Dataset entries

lemma adjacent_eq_Union_clique_at:
  assumes "L \<in> (secants q :: 'a vec3 set set)"
  shows "{M. Hadj q L M} = (\<Union>P\<in>{P \<in> unital q. P \<subseteq> L}. clique_at q P - {L})"
proof
  show "{M. Hadj q L M} \<subseteq> (\<Union>P\<in>{P \<in> unital q. P \<subseteq> L}. clique_at q P - {L})"
    by (auto simp: Hadj_def clique_at_def)
  show "(\<Union>P\<in>{P \<in> unital q. P \<subseteq> L}. clique_at q P - {L}) \<subseteq> {M. Hadj q L M}"
  proof
    fix M assume "M \<in> (\<Union>P\<in>{P \<in> unital q. P \<subseteq> L}. clique_at q P - {L})"
    then obtain P where P: "P \<in> unital q" "P \<subseteq> L" "M \<in> secants q" "P \<subseteq> M" "M \<noteq> L"
      by (auto simp: clique_at_def)
    hence "L \<inter> M = P" using secants_Int_eq_unital_point[OF assms] by metis
    thus "M \<in> {M. Hadj q L M}" using P assms by (auto simp: Hadj_def)
  qed
qed

lemma card_adjacent:
  assumes L: "L \<in> (secants q :: 'a vec3 set set)"
  shows "card {M. Hadj q L M} = (q + 1) * (q^2 - 1)"
proof -
  define Ps where "Ps = {P \<in> unital q. P \<subseteq> L}"
  have "card (\<Union>P\<in>Ps. clique_at q P - {L}) = (\<Sum>P\<in>Ps. card (clique_at q P - {L}))"
    by (rule card_UN_disjoint)
      (use clique_at_Int_clique_at_on_secant[OF L] in \<open>auto simp: Ps_def\<close>)
  also have "\<dots> = (\<Sum>P\<in>Ps. q^2 - 1)"
    using L card_clique_at by (intro sum.cong) (auto simp: Ps_def clique_at_def card_Diff_singleton)
  also have "\<dots> = (q + 1) * (q^2 - 1)" using L by (simp add: Ps_def secants_def)
  finally show ?thesis using adjacent_eq_Union_clique_at[OF L] by (simp add: Ps_def)
qed

lemma is_clique_clique_at:
  assumes "P \<in> (unital q :: 'a vec3 set set)"
  shows "is_clique q (clique_at q P)"
  using secants_Int_eq_unital_point[of _ _ P] assms
  by (auto simp: is_clique_def Hadj_def clique_at_def)

text \<open>A secant \<open>M\<close> adjacent to all of \<open>C\<^sub>P\<close> would meet its \<open>q\<^sup>2\<close> lines in distinct points
  of the unital, but \<open>M\<close> carries only \<open>q + 1\<close> of them.\<close>

lemma exists_clique_at_not_adjacent:
  assumes P: "P \<in> (unital q :: 'a vec3 set set)" and M: "M \<in> secants q" "M \<notin> clique_at q P"
  shows "\<exists>L\<in>clique_at q P. \<not> Hadj q L M"
proof (rule ccontr)
  assume "\<not> ?thesis"
  hence adj: "Hadj q L M" if "L \<in> clique_at q P" for L using that by blast
  have PM: "\<not> P \<subseteq> M" using M by (auto simp: clique_at_def)
  have into: "(\<lambda>L. L \<inter> M) ` clique_at q P \<subseteq> {R \<in> unital q. R \<subseteq> M}"
    using adj by (auto simp: Hadj_def)
  have "inj_on (\<lambda>L. L \<inter> M) (clique_at q P)"
  proof (rule inj_onI)
    fix L L' assume LL: "L \<in> clique_at q P" "L' \<in> clique_at q P" "L \<inter> M = L' \<inter> M"
    have R: "L \<inter> M \<in> unital q" "P \<noteq> L \<inter> M" using adj[OF LL(1)] PM by (auto simp: Hadj_def)
    obtain X where "clique_at q P \<inter> clique_at q (L \<inter> M) = {X}"
      using clique_at_Int_clique_at[OF P R] by metis
    moreover have "L \<in> clique_at q (L \<inter> M)" "L' \<in> clique_at q (L \<inter> M)"
      using LL by (auto simp: clique_at_def)
    ultimately show "L = L'" using LL by blast
  qed
  hence "card (clique_at q P) \<le> card {R \<in> unital q. R \<subseteq> M}"
    using card_inj_on_le[OF _ into] by simp
  hence "q * q \<le> q + 1" using card_clique_at[OF P] M by (simp add: secants_def power2_eq_square)
  moreover have "q * q \<ge> 2 * q" by (rule mult_le_mono1[OF q_ge_2])
  ultimately show False using q_ge_2 by linarith
qed

lemma is_maximal_clique_clique_at:
  assumes P: "P \<in> (unital q :: 'a vec3 set set)"
  shows "is_maximal_clique q (clique_at q P)"
  unfolding is_maximal_clique_def
proof (intro conjI allI impI)
  show "is_clique q (clique_at q P)" using is_clique_clique_at[OF P] .
  fix K assume K: "is_clique q K \<and> clique_at q P \<subseteq> K"
  show "K = clique_at q P"
  proof (rule ccontr)
    assume "K \<noteq> clique_at q P"
    then obtain M where M: "M \<in> K" "M \<notin> clique_at q P" using K by blast
    hence "M \<in> secants q" using K by (auto simp: is_clique_def)
    then obtain L where "L \<in> clique_at q P" "\<not> Hadj q L M"
      using exists_clique_at_not_adjacent[OF P _ M(2)] by blast
    thus False using K M by (auto simp: is_clique_def)
  qed
qed

end

section \<open>No \<open>K\<^sub>4\<close> outside the cliques \<open>C\<^sub>P\<close>\<close>

definition det3 :: "'a::field vec3 \<Rightarrow> 'a vec3 \<Rightarrow> 'a vec3 \<Rightarrow> 'a" where
  "det3 a b c = dot a (cross b c)"

lemma det3_mult_det3:
  fixes x y z a b c :: "'a::field vec3"
  shows "det3 x y z * det3 a b c
    = dot x a * (dot y b * dot z c - dot y c * dot z b)
    - dot x b * (dot y a * dot z c - dot y c * dot z a)
    + dot x c * (dot y a * dot z b - dot y b * dot z a)"
  by (cases x; cases y; cases z; cases a; cases b; cases c) (simp add: det3_def algebra_simps)

lemma det3_cross_cross_cross:
  fixes a b c :: "'a::field vec3"
  shows "det3 (cross b c) (cross c a) (cross a b) = (det3 a b c)^2"
  by (cases a; cases b; cases c) (simp add: det3_def power2_eq_square algebra_simps)

lemma dot_cross_eq_det3: "dot c (cross a b) = det3 a b (c::'a::field vec3)"
  by (cases a; cases b; cases c) (simp add: det3_def algebra_simps)

lemma cross_commute: "cross b a = scale3 (-1) (cross a (b::'a::field vec3))"
  by (cases a; cases b) (simp add: algebra_simps)

text \<open>Expansion of \<open>d \<times> a\<close>, \<open>d \<times> b\<close>, \<open>d \<times> c\<close> in the basis \<open>b \<times> c, c \<times> a, a \<times> b\<close>.\<close>

lemma scale3_det3_cross_1:
  fixes a b c d :: "'a::field vec3"
  shows "scale3 (det3 a b c) (cross d a) = lincomb (det3 a b d) (cross c a) (- det3 a d c) (cross a b)"
  by (cases a; cases b; cases c; cases d) (simp add: det3_def lincomb_def algebra_simps)

lemma scale3_det3_cross_2:
  fixes a b c d :: "'a::field vec3"
  shows "scale3 (det3 a b c) (cross d b) = lincomb (det3 d b c) (cross a b) (- det3 a b d) (cross b c)"
  by (cases a; cases b; cases c; cases d) (simp add: det3_def lincomb_def algebra_simps)

lemma scale3_det3_cross_3:
  fixes a b c d :: "'a::field vec3"
  shows "scale3 (det3 a b c) (cross d c) = lincomb (det3 a d c) (cross b c) (- det3 d b c) (cross c a)"
  by (cases a; cases b; cases c; cases d) (simp add: det3_def lincomb_def algebra_simps)

context hermitian_field
begin

definition conj3 :: "'a vec3 \<Rightarrow> 'a vec3" where
  "conj3 v = (case v of (x,y,z) \<Rightarrow> (conj x, conj y, conj z))"

definition hform :: "'a vec3 \<Rightarrow> 'a vec3 \<Rightarrow> 'a" where
  "hform u v = dot u (conj3 v)"

lemma herm_eq_hform: "herm q v = hform v v"
  by (cases v) (simp add: herm_eq hform_def conj3_def fnorm_def)

lemma hform_commute: "hform v u = conj (hform u v)"
  by (cases u; cases v) (simp add: hform_def conj3_def conj_add conj_mult mult.commute)

lemma herm_lincomb:
  "herm q (lincomb s u t v)
    = fnorm s * hform u u + fnorm t * hform v v + s * conj t * hform u v + t * conj s * hform v u"
  by (cases u; cases v)
    (simp add: herm_eq hform_def conj3_def lincomb_def fnorm_def conj_add conj_mult algebra_simps)

lemma conj_det3: "conj (det3 x y z) = det3 (conj3 x) (conj3 y) (conj3 z)"
  by (cases x; cases y; cases z) (simp add: det3_def conj3_def conj_add conj_mult conj_diff)

lemma fnorm_det3_isotropic:
  assumes "herm q x = 0" "herm q y = 0" "herm q z = 0"
  shows "fnorm (det3 x y z)
    = hform y z * hform z x * hform x y + hform z y * hform x z * hform y x"
  using assms det3_mult_det3[of x y z "conj3 x" "conj3 y" "conj3 z"]
  by (simp add: fnorm_def conj_det3 herm_eq_hform hform_def[symmetric] algebra_simps)

lemma trace_zero_if_isotropic_lincomb:
  assumes "herm q (lincomb s u t v) = 0" "herm q u = 0" "herm q v = 0"
  shows "conj (s * conj t * hform u v) = - (s * conj t * hform u v)"
proof -
  have "s * conj t * hform u v + t * conj s * hform v u = 0"
    using assms herm_lincomb[of s u t v] by (simp add: herm_eq_hform)
  moreover have "conj (s * conj t * hform u v) = t * conj s * hform v u"
    by (simp add: conj_mult hform_commute[of v u] mult_ac)
  ultimately show ?thesis by (simp add: eq_neg_iff_add_eq_0 add.commute)
qed

text \<open>The three trace-zero conditions make \<open>P = hform y z * hform z x * hform x y\<close> satisfy
  \<open>P + conj P = 0\<close>, whereas \<open>P + conj P = fnorm (det3 x y z) \<noteq> 0\<close>.\<close>

lemma no_isotropic_triangle_with_isotropic_sides:
  fixes x y z :: "'a vec3" and A B C :: 'a
  assumes iso: "herm q x = 0" "herm q y = 0" "herm q z = 0"
    and "det3 x y z \<noteq> 0" and "A \<noteq> 0" "B \<noteq> 0" "C \<noteq> 0"
    and D: "herm q (lincomb A y (-B) z) = 0"
    and E: "herm q (lincomb C z (-A) x) = 0"
    and F: "herm q (lincomb B x (-C) y) = 0"
  shows False
proof -
  define u where "u = A * conj (-B) * hform y z"
  define v where "v = C * conj (-A) * hform z x"
  define w where "w = B * conj (-C) * hform x y"
  have "conj u = - u" unfolding u_def by (rule trace_zero_if_isotropic_lincomb[OF D iso(2,3)])
  moreover have "conj v = - v" unfolding v_def by (rule trace_zero_if_isotropic_lincomb[OF E iso(3,1)])
  moreover have "conj w = - w" unfolding w_def by (rule trace_zero_if_isotropic_lincomb[OF F iso(1,2)])
  ultimately have uvw: "conj (u * v * w) = - (u * v * w)" by (simp add: conj_mult)
  define N where "N = fnorm A * fnorm B * fnorm C"
  define P where "P = hform y z * hform z x * hform x y"
  have "N \<noteq> 0" using assms by (simp add: N_def)
  have "conj N = N" by (simp add: N_def conj_mult conj_fnorm)
  have "u * v * w = - (N * P)"
    by (simp add: u_def v_def w_def N_def P_def fnorm_def conj_minus algebra_simps)
  hence "- (N * conj P) = N * P"
    using uvw \<open>conj N = N\<close> by (simp add: conj_minus conj_mult)
  hence "N * (P + conj P) = 0" by (simp add: distrib_left neg_eq_iff_add_eq_0 add.commute)
  hence "P + conj P = 0" using \<open>N \<noteq> 0\<close> by simp
  moreover have "conj P = hform z y * hform x z * hform y x"
    by (simp add: P_def conj_mult hform_commute[of z y, symmetric] hform_commute[of x z, symmetric]
        hform_commute[of y x, symmetric])
  ultimately have "fnorm (det3 x y z) = 0"
    using fnorm_det3_isotropic[OF iso] by (simp add: P_def mult_ac)
  thus False using \<open>det3 x y z \<noteq> 0\<close> by simp
qed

WHAT IS EXPECTED | Wherever the string "obtain" appears in a line of the records above, copy that line.

WRITTEN RESPONSE |
    then obtain P where P: "P \<in> unital q" "P \<subseteq> L" "M \<in> secants q" "P \<subseteq> M" "M \<noteq> L"
    obtain X where "clique_at q P \<inter> clique_at q (L \<inter> M) = {X}"
    then obtain M where M: "M \<in> K" "M \<notin> clique_at q P" using K by blast
    then obtain L where "L \<in> clique_at q P" "\<not> Hadj q L M"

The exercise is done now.